Paul Tulane

Paul Tulane (May 10, 1801 March 27, 1887) was an American philanthropist and donor. Born in Cherry Valley, near Princeton, New Jersey, to a prominent French merchant family, Tulane made his fortune from a retail and dry goods company. Later, he became one of New Orleans' most prominent pro-confederate philanthropists and the namesake of Tulane University, formerly known as the Medical College of Louisiana.

Paul Tulane

Ancestry

Paul Tulane's paternal great-grandfather was Pierre Urbain Tulasne (born 1709, Hommes, Indre et Loire – died 1749, Rillé), a merchant and master butcher in Rillé, France.

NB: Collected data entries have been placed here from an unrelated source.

lemma indep_on_insert_iff:
  assumes "finite B" "b \<notin> B"
  shows "indep_on (insert b B) w \<longleftrightarrow> indep_on B w \<and> w b \<notin> span_on B w"
proof -
  have indep_on_iff: "indep_on X w \<longleftrightarrow> (\<forall>C\<in>Pow X. C \<noteq> {} \<longrightarrow> vsum w C \<noteq> vzero)" for X
    by (auto simp: indep_on_def)
  have ball_Pow_insert: "(\<forall>C\<in>Pow (insert b B). P C) \<longleftrightarrow>
      (\<forall>C\<in>Pow B. P C) \<and> (\<forall>C\<in>Pow B. P (insert b C))" for P
    by (auto simp: Pow_insert)
  have "vsum w (insert b C) \<noteq> vzero \<longleftrightarrow> w b \<noteq> vsum w C" if "C \<in> Pow B" for C
  proof -
    have "finite C" "b \<notin> C"
      using that assms by (auto intro: finite_subset)
    then show ?thesis
      by (simp add: vsum_insert vadd_eq_vzero_iff)
  qed
  then have "indep_on (insert b B) w \<longleftrightarrow> indep_on B w \<and> (\<forall>C\<in>Pow B. w b \<noteq> vsum w C)"
    unfolding indep_on_iff ball_Pow_insert by simp
  then show ?thesis
    by (auto simp: span_on_def)
qed

definition indep_ext :: "nat \<Rightarrow> nat set \<Rightarrow> nat set \<Rightarrow> (nat \<Rightarrow> nat \<Rightarrow> bool) \<Rightarrow>
    (nat \<Rightarrow> nat \<Rightarrow> bool) set" where
  "indep_ext n B A w0 = {w \<in> PiE B (\<lambda>_. vecs n). indep_on B w \<and> (\<forall>a\<in>A. w a = w0 a)}"

lemma finite_indep_ext: "finite B \<Longrightarrow> finite (indep_ext n B A w0)"
  unfolding indep_ext_def
  by (rule finite_subset[of _ "PiE B (\<lambda>_. vecs n)"]) (auto intro: finite_PiE)

lemma indep_ext_self:
  assumes "indep_on A w0" "\<forall>a\<in>A. w0 a \<in> vecs n"
  shows "indep_ext n A A w0 = {restrict w0 A}"
proof -
  have "restrict w0 A \<in> indep_ext n A A w0"
    unfolding indep_ext_def using assms indep_on_cong[of A "restrict w0 A" w0] by auto
  moreover have "w = restrict w0 A" if "w \<in> indep_ext n A A w0" for w
    using that unfolding indep_ext_def by (auto simp: PiE_def extensional_def fun_eq_iff)
  ultimately show ?thesis by blast
qed

text \<open>A new vector may be anything outside the 2^|B| elements of the current span.\<close>

lemma card_indep_ext_insert:
  assumes fin: "finite B" and b: "b \<notin> B" and AB: "A \<subseteq> B"
  shows "card (indep_ext n (insert b B) A w0) = card (indep_ext n B A w0) * (2 ^ n - 2 ^ card B)"
proof -
  let ?S = "SIGMA w:indep_ext n B A w0. vecs n - span_on B w"
  have bij: "bij_betw (\<lambda>w. (restrict w B, w b)) (indep_ext n (insert b B) A w0) ?S"
  proof (rule bij_betw_byWitness[where f' = "\<lambda>(w, x). w(b := x)"])
    show "(\<lambda>w. (restrict w B, w b)) ` indep_ext n (insert b B) A w0 \<subseteq> ?S"
    proof (rule image_subsetI)
      fix w assume w: "w \<in> indep_ext n (insert b B) A w0"
      then have "indep_on B w \<and> w b \<notin> span_on B w"
        using indep_on_insert_iff[OF fin b] unfolding indep_ext_def by blast
      moreover have "indep_on B (restrict w B) = indep_on B w" "span_on B (restrict w B) = span_on B w"
        using indep_on_cong[of B "restrict w B" w] span_on_cong[of B "restrict w B" w] by simp_all
      ultimately show "(restrict w B, w b) \<in> ?S"
        using w AB unfolding indep_ext_def by auto
    qed
    show "(\<lambda>(w, x). w(b := x)) ` ?S \<subseteq> indep_ext n (insert b B) A w0"
    proof clarify
      fix w x assume w: "w \<in> indep_ext n B A w0" and x: "x \<in> vecs n" "x \<notin> span_on B w"
      have "indep_on B (w(b := x)) = indep_on B w" "span_on B (w(b := x)) = span_on B w"
        using b by (intro indep_on_cong span_on_cong; auto)+
      then have "indep_on (insert b B) (w(b := x))"
        using indep_on_insert_iff[OF fin b] w x unfolding indep_ext_def by simp
      then show "w(b := x) \<in> indep_ext n (insert b B) A w0"
        using w x AB b unfolding indep_ext_def by (auto simp: PiE_def extensional_def)
    qed
  qed (use b in \<open>auto simp: indep_ext_def PiE_def extensional_def fun_eq_iff\<close>)
  have "card (vecs n - span_on B w) = 2 ^ n - 2 ^ card B" if "w \<in> indep_ext n B A w0" for w
  proof -
    have "span_on B w \<subseteq> vecs n"
      using that unfolding indep_ext_def by (intro span_on_vecs) auto
    then show ?thesis
      using that card_span_on[OF fin] card_vecs
      by (simp add: card_Diff_subset finite_span_on[OF fin] indep_ext_def)
  qed
  then have "card ?S = card (indep_ext n B A w0) * (2 ^ n - 2 ^ card B)"
    using finite_indep_ext[OF fin] by (simp add: card_SigmaI)
  then show ?thesis
    using bij_betw_same_card[OF bij] by simp
qed

lemma card_indep_ext_Un:
  assumes "finite F" "finite A" "A \<inter> F = {}" "indep_on A w0" "\<forall>a\<in>A. w0 a \<in> vecs n"
  shows "card (indep_ext n (A \<union> F) A w0) = (\<Prod>i\<in>{card A..<card A + card F}. 2 ^ n - 2 ^ i)"
  using assms(1,3)
proof (induction F rule: finite_induct)
  case empty
  then show ?case using indep_ext_self[OF assms(4,5)] by simp
next
  case (insert b F)
  have "card (A \<union> F) = card A + card F"
    using insert assms(2) by (intro card_Un_disjoint) auto
  then have "card (indep_ext n (insert b (A \<union> F)) A w0) =
      card (indep_ext n (A \<union> F) A w0) * (2 ^ n - 2 ^ (card A + card F))"
    using card_indep_ext_insert[of "A \<union> F" b A n w0] insert assms(2) by simp
  then show ?case using insert by simp
qed

lemma card_indep_ext:
  assumes "finite B" "A \<subseteq> B" "indep_on A w0" "\<forall>a\<in>A. w0 a \<in> vecs n"
  shows "card (indep_ext n B A w0) = (\<Prod>i\<in>{card A..<card B}. 2 ^ n - 2 ^ i)"
proof -
  have "B = A \<union> (B - A)" "card B = card A + card (B - A)"
    using assms(1,2) by (auto simp: card_Diff_subset card_mono finite_subset)
  then show ?thesis
    using card_indep_ext_Un[of "B - A" A w0 n] assms finite_subset by (metis Diff_disjoint finite_Diff)
qed

text \<open>Translating by a vanishing combination of u_1, \<dots>, u_k pairs off the terms of the
  derivative sum.\<close>

lemma not_deriv_val_if_not_lin_indep:
  assumes "\<not> lin_indep k u"
  shows "\<not> deriv_val f k u"
proof -
  obtain C0 where C0: "C0 \<subseteq> {1..k}" "C0 \<noteq> {}" "vsum u C0 = vzero"
    using assms unfolding lin_indep_def by blast
  let ?X = "{C \<in> Pow {1..k}. f (vadd (vsum u C) (u 0))}"
  let ?t = "\<lambda>C. (C - C0) \<union> (C0 - C)"
  have sym_diff_invariant: "vsum u (?t C) = vsum u C" if "C \<subseteq> {1..k}" for C
  proof -
    have "finite C" "finite C0"
      using that C0(1) by (auto intro: finite_subset)
    then show ?thesis
      using vsum_sym_diff[of C C0 u] C0(3) by (simp add: vadd_def vzero_def)
  qed
  have "even (card ?X)"
  proof (rule even_card_if_fixpoint_free_involution)
    show "?t C \<in> ?X" if "C \<in> ?X" for C
      using that C0(1) sym_diff_invariant by auto
    show "?t (?t C) = C" for C
      by auto
    show "?t C \<noteq> C" for C
      using C0(2) by auto
  qed simp
  then show ?thesis unfolding deriv_val_def by simp
qed

subsection \<open>The algebraic normal form via Moebius inversion\<close>

lemma sum_Pow_insert:
  assumes "finite S" "x \<notin> S"
  shows "(\<Sum>T\<in>Pow (insert x S). g T) = (\<Sum>T\<in>Pow S. g T) + (\<Sum>T\<in>Pow S. g (insert x T))"
proof -
  have "inj_on (insert x) (Pow S)"
    using assms(2) by (intro inj_onI) (metis Pow_iff insert_ident subsetD)
  then have "(\<Sum>T\<in>insert x ` Pow S. g T) = (\<Sum>T\<in>Pow S. g (insert x T))"
    by (simp add: sum.reindex)
  moreover have "(\<Sum>T\<in>Pow S \<union> insert x ` Pow S. g T) =
      (\<Sum>T\<in>Pow S. g T) + (\<Sum>T\<in>insert x ` Pow S. g T)"
    using assms by (intro sum.union_disjoint) auto
  ultimately show ?thesis
    by (simp add: Pow_insert)
qed

text \<open>Over F_2, summing twice over subsets is the identity: every T \<subset> X lies in an even
  number 2^{|X - T|} of intermediate sets.\<close>

lemma sum_Pow_sum_Pow_bit:
  assumes "finite X"
  shows "(\<Sum>S\<in>Pow X. \<Sum>T\<in>Pow S. h T :: bit) = h X"
  using assms
proof (induction X arbitrary: h rule: finite_induct)
  case (insert x X)
  have fin: "finite S" "x \<notin> S" if "S \<in> Pow X" for S
    using that insert finite_subset by auto
  have "(\<Sum>S\<in>Pow (insert x X). \<Sum>T\<in>Pow S. h T) =
        (\<Sum>S\<in>Pow X. \<Sum>T\<in>Pow S. h T) + (\<Sum>S\<in>Pow X. \<Sum>T\<in>Pow (insert x S). h T)"
    by (rule sum_Pow_insert[OF insert(1,2)])
  also have "(\<Sum>S\<in>Pow X. \<Sum>T\<in>Pow (insert x S). h T) =
        (\<Sum>S\<in>Pow X. \<Sum>T\<in>Pow S. h T) + (\<Sum>S\<in>Pow X. \<Sum>T\<in>Pow S. h (insert x T))"
    by (simp only: sum_Pow_insert[OF fin] sum.distrib cong: sum.cong)
  also have "(\<Sum>S\<in>Pow X. \<Sum>T\<in>Pow S. h (insert x T)) = h (insert x X)"
    by (rule insert(3))
  finally show ?case
    by (simp only: add.assoc[symmetric] bit_add_self add_0_left)
qed simp

definition is_anf :: "nat \<Rightarrow> ((nat \<Rightarrow> bool) \<Rightarrow> bool) \<Rightarrow> (nat set \<Rightarrow> bool) \<Rightarrow> bool" where
  "is_anf n g a \<longleftrightarrow> (\<forall>S. a S \<longrightarrow> S \<subseteq> {0..<n}) \<and>
      (\<forall>x\<in>vecs n. g x = odd (card {S. S \<subseteq> {0..<n} \<and> a S \<and> (\<forall>i\<in>S. x i)}))"

lemma is_anf_char_vec:
  assumes "is_anf n g a" "X \<subseteq> {0..<n}"
  shows "(of_bool (g (char_vec X)) :: bit) = (\<Sum>S\<in>Pow X. of_bool (a S))"
proof -
  have "char_vec X \<in> vecs n"
    using assms(2) by (auto simp: vecs_eq_char_vec_image)
  moreover have "{S. S \<subseteq> {0..<n} \<and> a S \<and> (\<forall>i\<in>S. char_vec X i)} = {S\<in>Pow X. a S}"
    using assms(2) by (auto simp: char_vec_def)
  ultimately have "g (char_vec X) = odd (card {S\<in>Pow X. a S})"
    using assms(1) unfolding is_anf_def by simp
  moreover have "finite (Pow X)"
    using assms(2) finite_subset by auto
  ultimately show ?thesis
    using of_bool_odd_card_eq_sum[of "Pow X" a] by simp
qed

Pierre Urbain Tulasne had two sons: Gatien Tulasne-Jaminière (1739, Rillé – 1783, Rillé), a seneschal of the lands and seigniories of Gizeux, royal notary in Baugé, and bailiff of the barony of Rillé; and Gatien Pierre Urbain Tulasne-Jaminière (1764, Rillé – 1823, Rillé), a royal notary in Baugé. The notary office in Rillé still exists at "1 rue de l'Eglise". Gatien Tulasne-Jaminière had two sons: Pierre Louis Mathurin Tulasne and Pierre Tulasne.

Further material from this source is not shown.